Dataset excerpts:
lemma
  shows iso_add_right:
      "\<And>x y y'. x \<in> A1 \<Longrightarrow> y \<in> A0 \<Longrightarrow> y' \<in> A0 \<Longrightarrow> \<phi> x (y + y') = \<phi> x y + \<phi> x y'"
    and iso_scale_right: "\<And>c x y. x \<in> A1 \<Longrightarrow> y \<in> A0 \<Longrightarrow> \<phi> x (scale c y) = c * \<phi> x y"
    and iso_add_left:
      "\<And>x x' y. x \<in> A1 \<Longrightarrow> x' \<in> A1 \<Longrightarrow> y \<in> A0 \<Longrightarrow> \<phi> (x + x') y = \<phi> x y + \<phi> x' y"
    and iso_scale_left: "\<And>c x y. x \<in> A1 \<Longrightarrow> y \<in> A0 \<Longrightarrow> \<phi> (scale c x) y = c * \<phi> x y"
    and iso_inj:
      "\<And>x x'. x \<in> A1 \<Longrightarrow> x' \<in> A1 \<Longrightarrow> \<forall>y\<in>A0. \<phi> x y = \<phi> x' y \<Longrightarrow> x = x'"
    and iso_surj: "\<And>f. lin_functional_on scale A0 f \<Longrightarrow> \<exists>x\<in>A1. \<forall>y\<in>A0. \<phi> x y = f y"
    and iso_mul_left:
      "\<And>a x y. a \<in> A0 \<Longrightarrow> x \<in> A1 \<Longrightarrow> y \<in> A0 \<Longrightarrow> \<phi> (mul a x) y = \<phi> x (mul y a)"
    and iso_mul_right:
      "\<And>a x y. a \<in> A0 \<Longrightarrow> x \<in> A1 \<Longrightarrow> y \<in> A0 \<Longrightarrow> \<phi> (mul x a) y = \<phi> x (mul a y)"
  using iso unfolding bimodule_iso_to_dual_def lin_functional_on_def by auto

lemma iso_zero_right: "x \<in> A1 \<Longrightarrow> \<phi> x 0 = 0"
  using iso_scale_right[of x 0 0] subspace_0[OF subspace_A0] by simp

lemma iso_zero_left: "y \<in> A0 \<Longrightarrow> \<phi> 0 y = 0"
  using iso_scale_left[of 0 y 0] subspace_0[OF subspace_A1] by simp

lemma pairing_form_bilinear: "bilinear_form scale (pairing_form \<phi>)"
  unfolding bilinear_form_def pairing_form_def
  by (simp add: even_part_add odd_part_add even_part_scale odd_part_scale even_part_mem odd_part_mem
      iso_add_left iso_add_right iso_scale_left iso_scale_right algebra_simps)

lemma pairing_form_assoc:
  assumes cyclic: "\<forall>x\<in>A1. \<forall>y\<in>A1. \<forall>z\<in>A1. \<phi> x (mul y z) = \<phi> z (mul x y)"
  shows "pairing_form \<phi> (mul x y) z = pairing_form \<phi> x (mul y z)"
proof -
  let ?x0 = "even_part x" and ?x1 = "odd_part x" and ?y0 = "even_part y"
    and ?y1 = "odd_part y" and ?z0 = "even_part z" and ?z1 = "odd_part z"
  have mem: "?x0 \<in> A0" "?y0 \<in> A0" "?z0 \<in> A0" "?x1 \<in> A1" "?y1 \<in> A1" "?z1 \<in> A1"
    using even_part_mem odd_part_mem by auto
  have "pairing_form \<phi> (mul x y) z = \<phi> (mul ?x0 ?y1) ?z0 + \<phi> (mul ?x1 ?y0) ?z0
      + \<phi> ?z1 (mul ?x0 ?y0) + \<phi> ?z1 (mul ?x1 ?y1)"
    unfolding pairing_form_def even_part_mul odd_part_mul using mem
    by (simp add: iso_add_left iso_add_right mul_A0_A0 mul_A0_A1 mul_A1_A0 mul_A1_A1)
  also have "\<dots> = \<phi> ?y1 (mul ?z0 ?x0) + \<phi> ?x1 (mul ?y0 ?z0)
      + \<phi> (mul ?y0 ?z1) ?x0 + \<phi> ?x1 (mul ?y1 ?z1)"
    using iso_mul_left[of ?x0 ?y1 ?z0] iso_mul_right[of ?z0 ?y1 ?x0] iso_mul_right[of ?y0 ?x1 ?z0]
      iso_mul_left[of ?y0 ?z1 ?x0] cyclic mem by (simp add: algebra_simps)
  also have "\<dots> = pairing_form \<phi> x (mul y z)"
    unfolding pairing_form_def even_part_mul odd_part_mul using mem
    by (simp add: iso_add_left iso_add_right iso_mul_right mul_A0_A0 mul_A0_A1 mul_A1_A0 mul_A1_A1
        algebra_simps)
  finally show ?thesis .
qed

lemma pairing_form_nondegenerate:
  assumes zero: "\<forall>y. pairing_form \<phi> x y = 0"
  shows "x = 0"
proof -
  have "\<phi> (odd_part x) y = pairing_form \<phi> x y" if "y \<in> A0" for y
    using that by (simp add: pairing_form_def even_part_even odd_part_even iso_zero_left even_part_mem)
  then have odd: "odd_part x = 0"
    using zero iso_inj[OF odd_part_mem subspace_0[OF subspace_A1]] iso_zero_left by simp
  have "even_part x = 0"
  proof (rule ccontr)
    assume "even_part x \<noteq> 0"
    then obtain f where f: "lin_functional_on scale UNIV f" "f (even_part x) \<noteq> 0"
      using exists_lin_functional_nonzero by blast
    then have "lin_functional_on scale A0 f"
      by (simp add: lin_functional_on_def)
    then obtain y where y: "y \<in> A1" "\<forall>a\<in>A0. \<phi> y a = f a"
      using iso_surj by blast
    have "pairing_form \<phi> x y = \<phi> y (even_part x)"
      using y(1) odd by (simp add: pairing_form_def even_part_odd odd_part_odd iso_zero_right
          iso_zero_left[OF subspace_0[OF subspace_A0]])
    then show False
      using zero y(2) f(2) even_part_mem by simp
  qed
  then show ?thesis
    using odd even_plus_odd_part[of x] by simp
qed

Task directions:
Output each line of the data exactly as it stands above.

Final answer:
lemma
  shows iso_add_right:
      "\<And>x y y'. x \<in> A1 \<Longrightarrow> y \<in> A0 \<Longrightarrow> y' \<in> A0 \<Longrightarrow> \<phi> x (y + y') = \<phi> x y + \<phi> x y'"
    and iso_scale_right: "\<And>c x y. x \<in> A1 \<Longrightarrow> y \<in> A0 \<Longrightarrow> \<phi> x (scale c y) = c * \<phi> x y"
    and iso_add_left:
      "\<And>x x' y. x \<in> A1 \<Longrightarrow> x' \<in> A1 \<Longrightarrow> y \<in> A0 \<Longrightarrow> \<phi> (x + x') y = \<phi> x y + \<phi> x' y"
    and iso_scale_left: "\<And>c x y. x \<in> A1 \<Longrightarrow> y \<in> A0 \<Longrightarrow> \<phi> (scale c x) y = c * \<phi> x y"
    and iso_inj:
      "\<And>x x'. x \<in> A1 \<Longrightarrow> x' \<in> A1 \<Longrightarrow> \<forall>y\<in>A0. \<phi> x y = \<phi> x' y \<Longrightarrow> x = x'"
    and iso_surj: "\<And>f. lin_functional_on scale A0 f \<Longrightarrow> \<exists>x\<in>A1. \<forall>y\<in>A0. \<phi> x y = f y"
    and iso_mul_left:
      "\<And>a x y. a \<in> A0 \<Longrightarrow> x \<in> A1 \<Longrightarrow> y \<in> A0 \<Longrightarrow> \<phi> (mul a x) y = \<phi> x (mul y a)"
    and iso_mul_right:
      "\<And>a x y. a \<in> A0 \<Longrightarrow> x \<in> A1 \<Longrightarrow> y \<in> A0 \<Longrightarrow> \<phi> (mul x a) y = \<phi> x (mul a y)"
  using iso unfolding bimodule_iso_to_dual_def lin_functional_on_def by auto

lemma iso_zero_right: "x \<in> A1 \<Longrightarrow> \<phi> x 0 = 0"
  using iso_scale_right[of x 0 0] subspace_0[OF subspace_A0] by simp

lemma iso_zero_left: "y \<in> A0 \<Longrightarrow> \<phi> 0 y = 0"
  using iso_scale_left[of 0 y 0] subspace_0[OF subspace_A1] by simp

lemma pairing_form_bilinear: "bilinear_form scale (pairing_form \<phi>)"
  unfolding bilinear_form_def pairing_form_def
  by (simp add: even_part_add odd_part_add even_part_scale odd_part_scale even_part_mem odd_part_mem
      iso_add_left iso_add_right iso_scale_left iso_scale_right algebra_simps)

lemma pairing_form_assoc:
  assumes cyclic: "\<forall>x\<in>A1. \<forall>y\<in>A1. \<forall>z\<in>A1. \<phi> x (mul y z) = \<phi> z (mul x y)"
  shows "pairing_form \<phi> (mul x y) z = pairing_form \<phi> x (mul y z)"
proof -
  let ?x0 = "even_part x" and ?x1 = "odd_part x" and ?y0 = "even_part y"
    and ?y1 = "odd_part y" and ?z0 = "even_part z" and ?z1 = "odd_part z"
  have mem: "?x0 \<in> A0" "?y0 \<in> A0" "?z0 \<in> A0" "?x1 \<in> A1" "?y1 \<in> A1" "?z1 \<in> A1"
    using even_part_mem odd_part_mem by auto
  have "pairing_form \<phi> (mul x y) z = \<phi> (mul ?x0 ?y1) ?z0 + \<phi> (mul ?x1 ?y0) ?z0
      + \<phi> ?z1 (mul ?x0 ?y0) + \<phi> ?z1 (mul ?x1 ?y1)"
    unfolding pairing_form_def even_part_mul odd_part_mul using mem
    by (simp add: iso_add_left iso_add_right mul_A0_A0 mul_A0_A1 mul_A1_A0 mul_A1_A1)
  also have "\<dots> = \<phi> ?y1 (mul ?z0 ?x0) + \<phi> ?x1 (mul ?y0 ?z0)
      + \<phi> (mul ?y0 ?z1) ?x0 + \<phi> ?x1 (mul ?y1 ?z1)"
    using iso_mul_left[of ?x0 ?y1 ?z0] iso_mul_right[of ?z0 ?y1 ?x0] iso_mul_right[of ?y0 ?x1 ?z0]
      iso_mul_left[of ?y0 ?z1 ?x0] cyclic mem by (simp add: algebra_simps)
  also have "\<dots> = pairing_form \<phi> x (mul y z)"
    unfolding pairing_form_def even_part_mul odd_part_mul using mem
    by (simp add: iso_add_left iso_add_right iso_mul_right mul_A0_A0 mul_A0_A1 mul_A1_A0 mul_A1_A1
        algebra_simps)
  finally show ?thesis .
qed

lemma pairing_form_nondegenerate:
  assumes zero: "\<forall>y. pairing_form \<phi> x y = 0"
  shows "x = 0"
proof -
  have "\<phi> (odd_part x) y = pairing_form \<phi> x y" if "y \<in> A0" for y
    using that by (simp add: pairing_form_def even_part_even odd_part_even iso_zero_left even_part_mem)
  then have odd: "odd_part x = 0"
    using zero iso_inj[OF odd_part_mem subspace_0[OF subspace_A1]] iso_zero_left by simp
  have "even_part x = 0"
  proof (rule ccontr)
    assume "even_part x \<noteq> 0"
    then obtain f where f: "lin_functional_on scale UNIV f" "f (even_part x) \<noteq> 0"
      using exists_lin_functional_nonzero by blast
    then have "lin_functional_on scale A0 f"
      by (simp add: lin_functional_on_def)
    then obtain y where y: "y \<in> A1" "\<forall>a\<in>A0. \<phi> y a = f a"
      using iso_surj by blast
    have "pairing_form \<phi> x y = \<phi> y (even_part x)"
      using y(1) odd by (simp add: pairing_form_def even_part_odd odd_part_odd iso_zero_right
          iso_zero_left[OF subspace_0[OF subspace_A0]])
    then show False
      using zero y(2) f(2) even_part_mem by simp
  qed
  then show ?thesis
    using odd even_plus_odd_part[of x] by simp
qed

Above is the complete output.